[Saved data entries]

--- START ---

lemma gram_reg_inverse:
  assumes psd: "psd_kernel_on C k" and X: "set X \<subseteq> C" and s: "s > 0"
  obtains B where "mat_inverse (gram_reg k s X) = Some B"
    "gram_reg k s X * B = 1\<^sub>m (length X)" "B \<in> carrier_mat (length X) (length X)"
proof -
  let ?n = "length X" and ?G = "gram_reg k s X"
  have "v = 0\<^sub>v ?n" if v: "v \<in> carrier_vec ?n" "?G *\<^sub>v v = 0\<^sub>v ?n" for v
  proof -
    have "(\<Sum>i<?n. \<Sum>j<?n. v$i * v$j * k (X!i) (X!j)) + s * (\<Sum>i<?n. v$i^2) = 0"
      using gram_reg_quadratic_form[OF v(1), where k=k and s=s] v by simp
    moreover have "0 \<le> (\<Sum>i<?n. \<Sum>j<?n. v$i * v$j * k (X!i) (X!j))"
      using psd_kernel_on_quadratic_nonneg[OF psd X] .
    moreover have "0 \<le> (\<Sum>i<?n. v$i^2)" by (simp add: sum_nonneg)
    ultimately have "(\<Sum>i<?n. v$i^2) = 0"
      using s by (smt (verit) mult_pos_pos)
    then show ?thesis using vec_eq_zero_if_sum_squares_eq_zero v(1) by blast
  qed
  then have "Determinant.det ?G \<noteq> 0"
    using det_0_iff_vec_prod_zero[OF gram_reg_carrier] by blast
  then have "?G \<in> Units (ring_mat TYPE(real) ?n ())"
    by (rule det_non_zero_imp_unit[OF gram_reg_carrier])
  then obtain B where "mat_inverse ?G = Some B"
    using mat_inverse(1)[OF gram_reg_carrier, where b="()"] by fastforce
  then show ?thesis
    using that mat_inverse(2)[OF gram_reg_carrier] by blast
qed

(* The kernel's quadratic form on the points x # X with the coefficients (1, -w). *)
lemma psd_kernel_on_augmented:
  assumes psd: "psd_kernel_on C k" and X: "set X \<subseteq> C" and x: "x \<in> C"
    and w: "w \<in> carrier_vec (length X)"
  shows "0 \<le> k x x - 2 * (kvec k X x \<bullet> w)
      + (\<Sum>i<length X. \<Sum>j<length X. w$i * w$j * k (X!i) (X!j))"
proof -
  let ?n = "length X"
  define c where "c = (\<lambda>i. if i = 0 then 1 else - w$(i - 1))"
  have symm: "k x (X!i) = k (X!i) x" if "i < ?n" for i
    using psd X x that unfolding psd_kernel_on_def by (meson nth_mem subsetD)
  have kw: "kvec k X x \<bullet> w = (\<Sum>i<?n. w$i * k (X!i) x)"
    unfolding kvec_def scalar_prod_def using w by (simp add: lessThan_atLeast0 mult_ac)
  have "0 \<le> (\<Sum>i<Suc ?n. \<Sum>j<Suc ?n. c i * c j * k ((x#X)!i) ((x#X)!j))"
    using psd_kernel_on_quadratic_nonneg[OF psd, of "x#X" c] X x by simp
  also have "\<dots> = k x x - (\<Sum>j<?n. w$j * k x (X!j)) - (\<Sum>i<?n. w$i * k (X!i) x)
      + (\<Sum>i<?n. \<Sum>j<?n. w$i * w$j * k (X!i) (X!j))"
    unfolding sum.lessThan_Suc_shift
    by (simp add: c_def sum.distrib sum_subtractf sum_negf del: sum.lessThan_Suc)
  also have "\<dots> = k x x - 2 * (kvec k X x \<bullet> w) + (\<Sum>i<?n. \<Sum>j<?n. w$i * w$j * k (X!i) (X!j))"
    unfolding kw by (simp add: symm)
  finally show ?thesis .
qed

lemma post_sd_pos:
  assumes psd: "psd_kernel_on C k" and X: "set X \<subseteq> C" and s: "s > 0"
    and x: "x \<in> C" and kxx: "k x x > 0"
  shows "post_sd k s X x > 0"
proof -
  let ?n = "length X" and ?G = "gram_reg k s X"
  obtain B where B: "mat_inverse ?G = Some B" "?G * B = 1\<^sub>m ?n" "B \<in> carrier_mat ?n ?n"
    using gram_reg_inverse[OF psd X s] .
  define kv where "kv = kvec k X x"
  have kv: "kv \<in> carrier_vec ?n" unfolding kv_def kvec_def by simp
  define w where "w = B *\<^sub>v kv"
  have w: "w \<in> carrier_vec ?n" unfolding w_def using B(3) kv by simp
  have "?G *\<^sub>v w = (?G * B) *\<^sub>v kv"
    unfolding w_def using assoc_mult_mat_vec[OF gram_reg_carrier B(3) kv] by simp
  also have "\<dots> = kv"
    using B(2) kv by simp
  finally have "?G *\<^sub>v w = kv" .
  then have "kv \<bullet> w = w \<bullet> (?G *\<^sub>v w)"
    using comm_scalar_prod[OF kv w] by simp
  then have p_eq: "kv \<bullet> w = (\<Sum>i<?n. \<Sum>j<?n. w$i * w$j * k (X!i) (X!j)) + s * (\<Sum>i<?n. w$i^2)"
    using gram_reg_quadratic_form[OF w] by simp
  have "s * (\<Sum>i<?n. w$i^2) \<le> k x x - kv \<bullet> w"
    using psd_kernel_on_augmented[OF psd X x w] p_eq unfolding kv_def by linarith
  moreover have "kv \<bullet> w = 0" if "(\<Sum>i<?n. w$i^2) = 0"
    using vec_eq_zero_if_sum_squares_eq_zero[OF w that] kv by simp
  moreover have "0 \<le> (\<Sum>i<?n. w$i^2)" by (simp add: sum_nonneg)
  ultimately have "0 < k x x - kv \<bullet> w"
    using s kxx by (smt (verit) mult_pos_pos)
  then show ?thesis
    unfolding post_sd_def using B(1) kv_def w_def by simp
qed

lemma beta_t_ge_4:
  fixes c \<delta> :: real and t :: nat
  assumes "1 \<le> c" "1 \<le> t" "0 < \<delta>" "\<delta> \<le> 1"
  shows "4 \<le> beta_t t c \<delta>"
proof -
  have "9 \<le> pi\<^sup>2" using power_mono[of 3 pi 2] pi_gt3 by simp
  moreover have "1 \<le> (real t)\<^sup>2" using assms(2) by simp
  ultimately have "8 * 1 * (9 * 1 / 6) \<le> 8 * c * (pi\<^sup>2 * (real t)\<^sup>2 / 6)"
    using assms(1) by (intro mult_mono divide_right_mono) auto
  also have "\<dots> \<le> 8 * c * (pi\<^sup>2 * (real t)\<^sup>2 / 6) / \<delta>"
    using assms(3,4) calculation by (simp add: le_divide_eq mult_left_le_one_le)
  finally have twelve: "12 \<le> 8 * c * (pi\<^sup>2 * (real t)\<^sup>2 / 6) / \<delta>" by simp
  have "exp (2::real) = exp 1 * exp 1" by (simp flip: exp_add)
  also have "\<dots> \<le> 3 * 3" using exp_le by (intro mult_mono) auto
  finally have "exp 2 \<le> 8 * c * (pi\<^sup>2 * (real t)\<^sup>2 / 6) / \<delta>" using twelve by linarith
  then have "2 \<le> ln (8 * c * (pi\<^sup>2 * (real t)\<^sup>2 / 6) / \<delta>)"
    by (subst ln_ge_iff) (use twelve in auto)
  then show ?thesis unfolding beta_t_def by simp
qed
(* For every integer $d\ge1$ there exists a well-typed CorePolyC program $p$ with one input, whose program text has length $O(d\log d)$, such that $\mathrm{sz}([\![p]\!](v))=d\cdot\mathrm{sz}(v)^d$ for every $v\in\mathbb Z$.
   Context: CorePolyC. Types are $\mathtt{iint},\mathtt{int},\mathtt{bool}$; $\mathsf{Int}=\{\mathtt{iint},\mathtt{int}\}$, ordered by $\mathtt{iint}\preccurlyeq\mathtt{int}$. Values are unbounded integers ($\mathbb Z$) and booleans $\#t,\#f$. Expressions: variables $x$; constants (nonempty decimal digit strings denoting natural numbers; $\mathtt{true}$, $\mathtt{false}$); operator applications $\mathtt{op}(e_1,\dots,e_m)$; parenthesized $(e)$. Operators and semantics: unary $-$ (negation); binary $+,-,/,\%$ (integer addition, subtraction, division, remainder, with division and remainder by $0$ returning $0$); $\mathtt{size}$, with $\mathtt{size}(v)=\lceil\log_2(\mathrm{abs}(v)+1)\rceil$; comparisons $\texttt{>=},\texttt{<=},\texttt{>},\texttt{<},\texttt{==},\texttt{!=}$ on integers returning booleans; boolean $\texttt{!},\texttt{\&\&},\texttt{||}$. Statements: declaration $t\ x;$; assignment $x=e;$; block $\{s_1\dots s_m\}$; conditional $\mathbf{if}(e)\ s_1\ \mathbf{else}\ s_2$; loop $\mathbf{for}(x<\mathtt{size}(e))\ s$ (loop bounds are always syntactically of the form $\mathtt{size}(e)$). A program is $\mathbf{int\ main}(\mathbf{int}\ x_1,\dots,\mathbf{int}\ x_m)\{s_1\dots s_k\ \mathbf{return}\ e;\}$. Semantics (big-step). A store $\Sigma$ is a finite partial map from variables to values; $\Sigma[x\mapsto v]$ is the update. $\Sigma\vdash e\Downarrow v$: a variable $x\in\mathrm{dom}\,\Sigma$ evaluates to $\Sigma(x)$, constants to their value, $\mathtt{op}(e_1,\dots,e_m)$ to $\mathtt{op}$ applied to the values of the $e_i$. $\Sigma\vdash s\Downarrow\Sigma'$: $t\ x;$ gives $\Sigma[x\mapsto 0]$ if $t\in\mathsf{Int}$ and $\Sigma[x\mapsto\#f]$ if $t=\mathtt{bool}$; $x=e;$ (with $x\in\mathrm{dom}\,\Sigma$) gives $\Sigma[x\mapsto v]$ where $\Sigma\vdash e\Downarrow v$; a sequence or block executes its statements in order threading the store (a block returns the final store); a conditional evaluates its guard to a boolean and executes the corresponding branch; $\mathbf{for}(x<e)\ s$ evaluates $e$ once to an integer $i$, sets $\Sigma_0=\Sigma$, executes $s$ from $\Sigma_j[x\mapsto j]$ obtaining $\Sigma_{j+1}$ for $j=0,\dots,i-1$, and ends in $\Sigma_i$ (i.e. in $\Sigma$ if $i\le 0$). A program on inputs $v_1,\dots,v_m$ runs its statements from the store $[x_1\mapsto v_1,\dots,x_m\mapsto v_m]$ and outputs the value of its return expression in the resulting store. Type system. A typing environment $\Gamma$ is a finite partial map from variables to types; $\ell\in\{\#t,\#f\}$ is the loop indicator. Expression typing $\Gamma,\ell\vdash e:t$: a variable $x\in\mathrm{dom}\,\Gamma$ has type $\Gamma(x)$; digit literals have type $\mathtt{iint}$, $\mathtt{true},\mathtt{false}$ have type $\mathtt{bool}$; $\texttt{!},\texttt{\&\&},\texttt{||}$ take $\mathtt{bool}$ arguments to $\mathtt{bool}$; comparisons take arguments with types in $\mathsf{Int}$ to $\mathtt{bool}$; $+,-,/,\%$ take arguments with types in $\mathsf{Int}$ to their supremum under $\preccurlyeq$ ($\mathtt{iint}$ iff all arguments are $\mathtt{iint}$); $\mathtt{size}$ takes only an $\mathtt{iint}$ argument, giving $\mathtt{iint}$; parentheses preserve types. Statement typing $\Gamma,\ell\vdash s:\Gamma'$: $t\ x;$ is typable iff $x\notin\mathrm{dom}\,\Gamma$ and not($\ell=\#t$ and $t=\mathtt{iint}$), giving $\Gamma[x\mapsto t]$; $x=e;$ is typable iff $x\in\mathrm{dom}\,\Gamma$, not($\ell=\#t$ and $\Gamma(x)=\mathtt{iint}$), and $\Gamma,\ell\vdash e:t$ with $t,\Gamma(x)$ both in $\mathsf{Int}$ or both $\mathtt{bool}$, giving $\Gamma$; a sequence $s_1\dots s_m$ threads $\Gamma_0=\Gamma$, $\Gamma_{i-1},\ell\vdash s_i:\Gamma_i$, giving $\Gamma_m$; a block $\{\tilde s\}$ is typable if its sequence is, giving $\Gamma$; a conditional needs a guard of type $\mathtt{bool}$ and both branches typable under $\Gamma,\ell$, giving $\Gamma$; $\mathbf{for}(x<e)\ s$ needs $\Gamma,\ell\vdash e:\mathtt{iint}$, $x\notin\mathrm{dom}\,\Gamma$, and $\Gamma[x\mapsto\mathtt{iint}],\#t\vdash s:\Gamma'$ for some $\Gamma'$, giving $\Gamma$. A program is well-typed if its statements are typable starting from $[x_1\mapsto\mathtt{int},\dots,x_m\mapsto\mathtt{int}]$ with $\ell=\#f$, ending in some $\Gamma'$, and its return expression has a type in $\mathsf{Int}$ under $\Gamma',\#f$. A well-typed program $p$ with one input computes a total function $[\![p]\!]:\mathbb Z\to\mathbb Z$. $\mathrm{sz}(v)=\lceil\log_2(\mathrm{abs}(v)+1)\rceil$ for $v\in\mathbb Z$. *)

theory Defs
  imports Complex_Main
begin
lemma rim_list_upper_iff:
  assumes "k < length (rim_list D)"
  shows "fst (rim_list D ! k) \<le> snd (rim_list D ! k) \<longleftrightarrow> k < upper_rim_end D"
proof -
  obtain x where x: "1 \<le> x" "x \<le> nrows D" "rim_start D x \<le> k" "k < rim_start D (Suc x)"
      and nth: "rim_list D ! k = (x, row_len D x - (k - rim_start D x))"
    using rim_list_nth_row[OF diagram assms] by blast
  have c: "k - rim_start D x < rim_row_len D x" using x rim_start_Suc[of x D] by simp
  consider "x < durfee D" | "x = durfee D" | "durfee D < x" by linarith
  then show ?thesis
  proof cases
    case 1
    have "k < rim_start D (durfee D)" using x rim_start_mono[of "Suc x" "durfee D" D] 1 by simp
    moreover have "x \<le> row_len D x - (k - rim_start D x)" using c rim_row_len_upper[OF x(1) 1] 1 by simp
    ultimately show ?thesis using nth unfolding upper_rim_end_def by simp
  next
    case 2
    have "x \<le> row_len D x - (k - rim_start D x) \<longleftrightarrow> k - rim_start D x < upper_rim_row_len D x"
      using 2 durfee_le_row_len[OF diagram, of x] x unfolding upper_rim_row_len_def by auto
    also have "\<dots> \<longleftrightarrow> k < upper_rim_end D" unfolding upper_rim_end_def using 2 x by auto
    finally show ?thesis using nth by simp
  next
    case 3
    have "upper_rim_end D \<le> rim_start D x" using upper_rim_end_le rim_start_mono[of "Suc (durfee D)" x D] 3 by simp
    moreover have "row_len D x \<le> durfee D" using row_len_gt_durfee[OF diagram 3] .
    ultimately show ?thesis using nth x 3 by auto
  qed
qed

lemma rim_start_upper_sum:
  assumes "1 \<le> i" "i \<le> j" "j \<le> durfee D"
  shows "rim_start D j = rim_start D i + sum (upper_rim_row_len D) {i..<j}"
  using assms(2,3)
proof (induction j rule: dec_induct)
  case (step n)
  then show ?case using rim_start_Suc_upper[of n] assms(1) by simp
qed simp

lemma upper_rim_rows:
  assumes "1 \<le> i" "i \<le> j" "j \<le> durfee D"
  shows "(\<Union>x\<in>{i..<j}. {rim_start D x..<rim_start D x + upper_rim_row_len D x}) =
    {rim_start D i..<rim_start D j}"
  using assms(2,3)
proof (induction j rule: dec_induct)
  case (step n)
  have "{i..<Suc n} = insert n {i..<n}" using step by auto
  then show ?case
    using step rim_start_Suc_upper[of n] rim_start_mono[of i n D] assms(1) by auto
qed simp

lemma last_p_segment_profile:
  assumes "1 \<le> i" "i \<le> durfee D" "rim_start D i \<le> e" "e < rim_start D i + p"
    and "rim_start D (durfee D) \<le> e"
  shows "\<exists>k L. {rim_start D i..e} \<inter> {..<upper_rim_end D} =
      (\<Union>x\<in>{i..durfee D}. {rim_start D x..<rim_start D x + k x}) \<and>
    cut_profile p (durfee D) (row_len D) k L {durfee D} i"
proof -
  define t where "t = min (e + 1) (upper_rim_end D)"
  define k where "k x = (if x < durfee D then upper_rim_row_len D x else t - rim_start D (durfee D))" for x
  have t: "rim_start D (durfee D) < t" "t \<le> rim_start D (durfee D) + upper_rim_row_len D (durfee D)"
    using assms(5) rim_start_lt_upper_rim_end[of "durfee D"] unfolding t_def upper_rim_end_def by auto
  have start: "rim_start D (durfee D) = rim_start D i + sum k {i..<durfee D}"
    using rim_start_upper_sum[OF assms(1,2)] unfolding k_def by simp
  have "{i..durfee D} = insert (durfee D) {i..<durfee D}" using assms(2) by auto
  then have "(\<Union>x\<in>{i..durfee D}. {rim_start D x..<rim_start D x + k x}) = {rim_start D i..<t}"
    using upper_rim_rows[OF assms(1,2) order_refl] t rim_start_mono[of i "durfee D" D] assms(2)
    unfolding k_def by auto
  moreover have "{rim_start D i..e} \<inter> {..<upper_rim_end D} = {rim_start D i..<t}"
    unfolding t_def by auto
  moreover have "cut_profile p (durfee D) (row_len D) k (t - rim_start D i) {durfee D} i"
  proof (rule cut_profile_single_block)
    show "\<And>x. i \<le> x \<Longrightarrow> x \<le> durfee D \<Longrightarrow> 1 \<le> k x"
      using upper_rim_row_len_pos assms(1) t unfolding k_def by auto
    show "\<And>x. i \<le> x \<Longrightarrow> x < durfee D \<Longrightarrow> k x + row_len D (Suc x) = row_len D x + 1"
      using upper_rim_row_len_inner assms(1) unfolding k_def by auto
    show "k (durfee D) + durfee D \<le> row_len D (durfee D) + 1"
      using upper_rim_row_len_last t unfolding k_def by simp
    show "sum k {i..durfee D} = t - rim_start D i"
      using start sum.last_plus[OF assms(2), of k] t unfolding k_def by simp
  qed (use assms t start t_def in auto)
  ultimately show ?thesis by metis
qed

lemma inner_p_segment_profile:
  assumes ij: "1 \<le> i" "i \<le> j" "j < durfee D"
    and e: "rim_start D j \<le> e" "e < rim_start D (Suc j)" "e + 1 = rim_start D i + p"
    and later: "P = (\<Union>x\<in>{Suc j..durfee D}. {rim_start D x..<rim_start D x + k' x})"
      "cut_profile p (durfee D) (row_len D) k' L E (Suc j)"
  shows "\<exists>k. {rim_start D i..e} \<union> P = (\<Union>x\<in>{i..durfee D}. {rim_start D x..<rim_start D x + k x}) \<and>
    cut_profile p (durfee D) (row_len D) k L (insert j E) i"
proof -
  define k where "k x = (if x < j then upper_rim_row_len D x else if x = j then e + 1 - rim_start D j else k' x)"
    for x
  have start: "rim_start D j = rim_start D i + sum k {i..<j}"
    using rim_start_upper_sum[of i j] ij unfolding k_def by simp
  have "{i..durfee D} = {i..<j} \<union> {j} \<union> {Suc j..durfee D}" using ij by auto
  then have "(\<Union>x\<in>{i..durfee D}. {rim_start D x..<rim_start D x + k x}) = {rim_start D i..e} \<union> P"
    using upper_rim_rows[of i j] ij e rim_start_mono[of i j D] unfolding later(1) k_def by auto
  moreover have "cut_profile p (durfee D) (row_len D) k L (insert j E) i"
  proof (rule cut_profile_prepend_block[OF later(2) ij])
    show "\<And>x. i \<le> x \<Longrightarrow> x \<le> j \<Longrightarrow> 1 \<le> k x"
      using upper_rim_row_len_pos ij e unfolding k_def by auto
    show "\<And>x. i \<le> x \<Longrightarrow> x < j \<Longrightarrow> k x + row_len D (Suc x) = row_len D x + 1"
      using upper_rim_row_len_inner ij unfolding k_def by auto
    show "k j + row_len D (Suc j) \<le> row_len D j + 1"
      using e rim_start_Suc[of j D] rim_row_len_upper[of j] ij unfolding k_def by simp
    show "sum k {i..j} = p"
      using start sum.last_plus[OF ij(2), of k] e unfolding k_def by simp
  qed (simp add: k_def)
  ultimately show ?thesis by metis
qed

lemma first_p_segment:
  assumes "1 \<le> p" "1 \<le> i" "i \<le> durfee D"
  obtains e j where "rim_start D i \<le> e" "e < rim_start D i + p" "i \<le> j" "j \<le> nrows D"
    "rim_start D j \<le> e" "e < rim_start D (Suc j)" "j < durfee D \<Longrightarrow> e + 1 = rim_start D i + p"
    "pseg_idx (Suc f) p (rim_list D) (nrows D) (rim_start D i) = {rim_start D i..e} \<union>
      (if j = nrows D then {} else pseg_idx f p (rim_list D) (nrows D) (rim_start D (Suc j)))"
proof -
  define R where "R = rim_list D"
  define e where "e = min (rim_start D i + p - 1) (length R - 1)"
  have i: "1 \<le> i" "i \<le> nrows D" using assms durfee_le_nrows by auto
  have "rim_start D i < length R"
    using rim_start_lt_upper_rim_end[of i] upper_rim_end_le_length assms unfolding R_def by simp
  then have e: "e < length R" "rim_start D i \<le> e" "e < rim_start D i + p"
    unfolding e_def using assms by auto
  then obtain j where j: "j \<le> nrows D" "rim_start D j \<le> e" "e < rim_start D (Suc j)" "fst (R ! e) = j"
    using rim_list_nth_row[OF diagram] unfolding R_def by (metis fst_conv)
  have "i \<le> j" using rim_start_mono[of "Suc j" i D] j e by (meson not_less_eq_eq order.trans not_le)
  moreover have "e + 1 = rim_start D i + p" if "j < durfee D"
  proof -
    have "e + 1 < upper_rim_end D"
      using j(3) that rim_start_mono[of "Suc j" "durfee D" D] rim_start_lt_upper_rim_end[of "durfee D"] by simp
    then show ?thesis using e upper_rim_end_le_length assms unfolding e_def R_def by auto
  qed
  moreover have "pseg_idx (Suc f) p R (nrows D) (rim_start D i) = {rim_start D i..e} \<union>
      (if j = nrows D then {} else pseg_idx f p R (nrows D) (rim_start D (Suc j)))"
    using p_segments_unfold[OF diagram i, where p=p and f=f] j(4) unfolding R_def e_def by simp
  ultimately show ?thesis using that e j unfolding R_def by blast
qed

--- END ---

-- WHAT IS NEEDED --
Each line of the records that holds the word "diagram" should be copied out.

-- EXPECTED OUTPUT --
    using rim_list_nth_row[OF diagram assms] by blast
      using 2 durfee_le_row_len[OF diagram, of x] x unfolding upper_rim_row_len_def by auto
    moreover have "row_len D x \<le> durfee D" using row_len_gt_durfee[OF diagram 3] .
    using rim_list_nth_row[OF diagram] unfolding R_def by (metis fst_conv)
    using p_segments_unfold[OF diagram i, where p=p and f=f] j(4) unfolding R_def e_def by simp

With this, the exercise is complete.